Space Shuttle Endeavour appears to straddle the stratosphere and mesosphere in this photo. The troposphere, which contains clouds appears orange in this photo.[1]
Diagram showing the five primary layers of the Earth's atmosphere: exosphere, thermosphere, mesosphere, stratosphere, and troposphere. The layers are to scale. From Earth's surface to the top of the stratosphere (50km) is just under 1% of Earth's radius.

The mesosphere (/ˈmɛssfɪər/; from Greek mesos "middle" and sphaira "sphere") is the layer of the Earth's atmosphere that is directly above the stratosphere and directly below the mesopause. In the mesosphere, temperature decreases as the altitude increases. The upper boundary of the mesosphere is the mesopause, which can be the coldest naturally occurring place on Earth[citation needed] with temperatures below −143 °C (−225 °F; 130 K). The exact upper and lower boundaries of the mesosphere vary with latitude and with season, but the lower boundary of the mesosphere is usually located at heights of about 50 kilometres (160,000 ft; 31 mi) above the Earth's surface and the mesopause is usually at heights near 100 kilometres (62 mi),[citation needed] except at middle and high latitudes in summer where it descends to heights of about 85 kilometres (53 mi; 279,000 ft).[citation needed]
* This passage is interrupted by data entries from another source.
(* Let $\mathfrak{G}$ be any graph with maximum degree $\mathfrak{d}\ge2$. Given any node $a$ of $\mathfrak{G}$ and any weight $w\in\mathbb{Z}_{>0}$, the number of connected clusters $\mathbf{W}$ with $a\in\mathbf{W}$ and $|\mathbf{W}|=w$ is at most $e\mathfrak{d}(1+e(\mathfrak{d}-1))^{w-1}$. If $\mathfrak{d}=1$, the number is at most $w$.
   Context: A cluster on a graph $\mathfrak{G}$ is a finite multiset of vertices, i.e. a finitely supported function $\mu$ from vertices to $\mathbb{Z}_{\ge0}$; its total weight is $|\mathbf{W}|=\sum_v\mu(v)$, its support is $\{v:\mu(v)\ge1\}$, and $a\in\mathbf{W}$ means $\mu(a)\ge1$. A cluster is connected if the subgraph of $\mathfrak{G}$ induced on its support is connected. *)

theory Defs
  imports Complex_Main
begin

definition simple_graph :: "('a \<Rightarrow> 'a \<Rightarrow> bool) \<Rightarrow> bool" where
  "simple_graph E \<longleftrightarrow> (\<forall>x y. E x y \<longrightarrow> E y x) \<and> (\<forall>x. \<not> E x x)"

definition degree :: "('a \<Rightarrow> 'a \<Rightarrow> bool) \<Rightarrow> 'a \<Rightarrow> nat" where
  "degree E x = card {y. E x y}"

definition max_degree :: "('a \<Rightarrow> 'a \<Rightarrow> bool) \<Rightarrow> nat \<Rightarrow> bool" where
  "max_degree E d \<longleftrightarrow> (\<forall>x. finite {y. E x y} \<and> degree E x \<le> d) \<and> (\<exists>x. degree E x = d)"

text \<open>Clusters: finitely supported multiplicity functions.\<close>
definition cluster_support :: "('a \<Rightarrow> nat) \<Rightarrow> 'a set" where
  "cluster_support \<mu> = {v. 1 \<le> \<mu> v}"

definition is_cluster :: "('a \<Rightarrow> nat) \<Rightarrow> bool" where
  "is_cluster \<mu> \<longleftrightarrow> finite (cluster_support \<mu>)"

definition cluster_weight :: "('a \<Rightarrow> nat) \<Rightarrow> nat" where
  "cluster_weight \<mu> = (\<Sum>v\<in>cluster_support \<mu>. \<mu> v)"

definition induced_connected :: "('a \<Rightarrow> 'a \<Rightarrow> bool) \<Rightarrow> 'a set \<Rightarrow> bool" where
  "induced_connected E S \<longleftrightarrow>
     (\<forall>x\<in>S. \<forall>y\<in>S. (x, y) \<in> {(u, v). u \<in> S \<and> v \<in> S \<and> E u v}\<^sup>*)"

definition connected_cluster :: "('a \<Rightarrow> 'a \<Rightarrow> bool) \<Rightarrow> ('a \<Rightarrow> nat) \<Rightarrow> bool" where
  "connected_cluster E \<mu> \<longleftrightarrow> is_cluster \<mu> \<and> induced_connected E (cluster_support \<mu>)"

end

theory Submission
  imports Defs "HOL-Library.FuncSet"
begin

text \<open>Deleting the root v from a connected cluster leaves connected pieces, each containing a
neighbour of v and avoiding v; recording every piece at one chosen neighbour of v (its anchor)
encodes the cluster injectively by the multiplicity at v together with one possibly empty cluster
per neighbour. Hence the weight generating function F of the connected clusters rooted at a vertex
and avoiding its parent satisfies F(z) \<le> z/(1-z) (1 + F(z))^(d-1), which by induction on the
weight gives F(z) \<le> T whenever z/(1-z) (1+T)^(d-1) \<le> T. With z = 1/(1 + e(d-1)) a suitable
T exists, and the number of clusters of weight w at a is at most T(1+T)/z^w. For d = 1 a
connected cluster at a lives on a single edge and is determined by its multiplicity at a.\<close>

lemma cluster_weight_eq_sum:
  assumes "finite A" "cluster_support \<mu> \<subseteq> A"
  shows "cluster_weight \<mu> = (\<Sum>x\<in>A. \<mu> x)"
  unfolding cluster_weight_def
  by (rule sum.mono_neutral_left) (use assms in \<open>auto simp: cluster_support_def\<close>)
lemma norm_F_M_D1mat_pow_Dmat_pow_le:
  assumes "N > 0" and "r \<ge> 1" and "\<bar>k\<bar> \<le> int M"
    and tail: "\<And>i. i < N \<Longrightarrow> N - r \<le> i \<Longrightarrow> \<bar>u i\<bar> \<le> \<eta>"
  shows "cmod (F_M N M ((D1mat N ^^ \<beta>) ((Dmat N ^^ r) u)) k)
    \<le> (2 * pi * real M / real N) ^ \<beta>
      * ((2 * pi * real M / real N) ^ r * cmod (F_M N M u k) + 4 ^ r * \<eta>)"
proof -
  let ?\<rho> = "2 * pi * real M / real N"
  have symbol_le: "cmod (1 - dft_root N k) \<le> ?\<rho>"
    using assms(3) by (rule norm_1_minus_dft_root_le)
  have "\<eta> \<ge> 0"
    using tail[of "N - 1"] assms(1,2) by fastforce
  have boundary: "\<bar>(Dmat N ^^ m) u (N - 1)\<bar> \<le> 2 ^ r * \<eta>" if "m < r" for m
  proof -
    have "\<bar>(Dmat N ^^ m) u (N - 1)\<bar> \<le> 2 ^ m * \<eta>"
      by (rule abs_Dmat_pow_le[where a = "N - r"]) (use tail assms(1) that in auto)
    also have "\<dots> \<le> 2 ^ r * \<eta>"
      using \<open>\<eta> \<ge> 0\<close> that by (intro mult_right_mono power_increasing) auto
    finally show ?thesis .
  qed
  have "(2 ^ r - 1) * (2 ^ r * \<eta>) \<le> 4 ^ r * \<eta>"
    using \<open>\<eta> \<ge> 0\<close> by (simp add: power_mult_distrib[symmetric] algebra_simps)
  then have "cmod (F_M N M ((Dmat N ^^ r) u) k)
      \<le> cmod ((1 - dft_root N k) ^ r * F_M N M u k) + 4 ^ r * \<eta>"
    using norm_F_M_Dmat_pow_sub_le[OF assms(1) boundary, of r M k]
      norm_triangle_ineq2[of "F_M N M ((Dmat N ^^ r) u) k" "(1 - dft_root N k) ^ r * F_M N M u k"]
    by linarith
  also have "\<dots> \<le> ?\<rho> ^ r * cmod (F_M N M u k) + 4 ^ r * \<eta>"
    unfolding norm_mult norm_power
    by (intro add_right_mono mult_right_mono power_mono symbol_le) auto
  finally have "cmod (F_M N M ((Dmat N ^^ r) u) k) \<le> \<dots>" .
  then show ?thesis
    unfolding F_M_D1mat_pow[OF assms(1)] norm_mult norm_power
    by (intro mult_mono power_mono symbol_le) auto
qed
(* Assume $\nabla f$ is $L$-Lipschitz, and consider the SAM flow at a point where not all $g_k$ vanish. Then the Norm Deviation $Q$ satisfies $$\frac{dQ}{dt}=4\rho u K\cdot\mathrm{Cov}\big(\|\mathcal G_k\|_F^2,\|g_k\|_F^2\big)+R,$$ where there is a constant $C$ depending only on $\Phi$, $K$, $L$, the Frobenius norms of the current cores and $\|\nabla f(\mathcal T)\|_F$ (with $\mathcal T=\Phi(\mathcal G_1,\ldots,\mathcal G_K)$) such that $|R|\le C\rho^2$ for all $\rho\in(0,1]$.
   Context: Let $K\ge 2$. For each $k\in[K]$ let $V_k$ be a finite-dimensional real space of tensors with Frobenius inner product $\langle\cdot,\cdot\rangle_F$ and norm $\|\cdot\|_F$; $[K]=\{1,\ldots,K\}$. Let $\Phi:V_1\times\cdots\times V_K\to\mathbb R^{n_1\times\cdots\times n_d}$ be multilinear, $f:\mathbb R^{n_1\times\cdots\times n_d}\to\mathbb R$ continuously differentiable with $\|\nabla f(\mathcal X)-\nabla f(\mathcal Y)\|_F\le L\|\mathcal X-\mathcal Y\|_F$ for all $\mathcal X,\mathcal Y$, and $F:=f\circ\Phi$. SAM gradient flow with radius $\rho>0$: at a point $(\mathcal G_1,\ldots,\mathcal G_K)$ let $g_k=\nabla_{\mathcal G_k}F(\mathcal G_1,\ldots,\mathcal G_K)$, $u=(\sum_{j=1}^K\|g_j\|_F^2)^{-1/2}$ (requiring not all $g_j=0$), $\tilde{\mathcal G}_k=\mathcal G_k+\rho u g_k$, $\tilde g_k=\nabla_{\mathcal G_k}F(\tilde{\mathcal G}_1,\ldots,\tilde{\mathcal G}_K)$; the SAM flow is $\frac{d}{dt}\mathcal G_k=-\tilde g_k$ for all $k$, and time derivatives are along this flow. The Norm Deviation is $Q:=\sum_{k=1}^K\big(\|\mathcal G_k\|_F^2-\frac1K\sum_{i=1}^K\|\mathcal G_i\|_F^2\big)^2$. The empirical covariance is $\mathrm{Cov}(x_k,y_k):=\frac1K\sum_{k=1}^K(x_k-\bar x)(y_k-\bar y)$ with $\bar x,\bar y$ the means over $k\in[K]$. *)

theory Defs
  imports "HOL-Analysis.Analysis"
begin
Mesosphere, Middle Atmosphere, and Near Space

The stratosphere, mesosphere and lowest part of the thermosphere are collectively referred to as the "middle atmosphere",[citation needed] which spans heights from approximately 10 kilometres (33,000 ft; 6.2 mi) to 100 kilometres (62 mi; 330,000 ft). The mesopause, at an altitude of 80–90 km (50–56 mi),[citation needed] separates the mesosphere from the thermosphere—the second-outermost layer of the Earth's atmosphere. This is also around the same altitude as the turbopause, below which different chemical species are well mixed due to turbulent eddies. Above this level the atmosphere becomes non-uniform; the scale heights of different chemical species differ by their molecular masses.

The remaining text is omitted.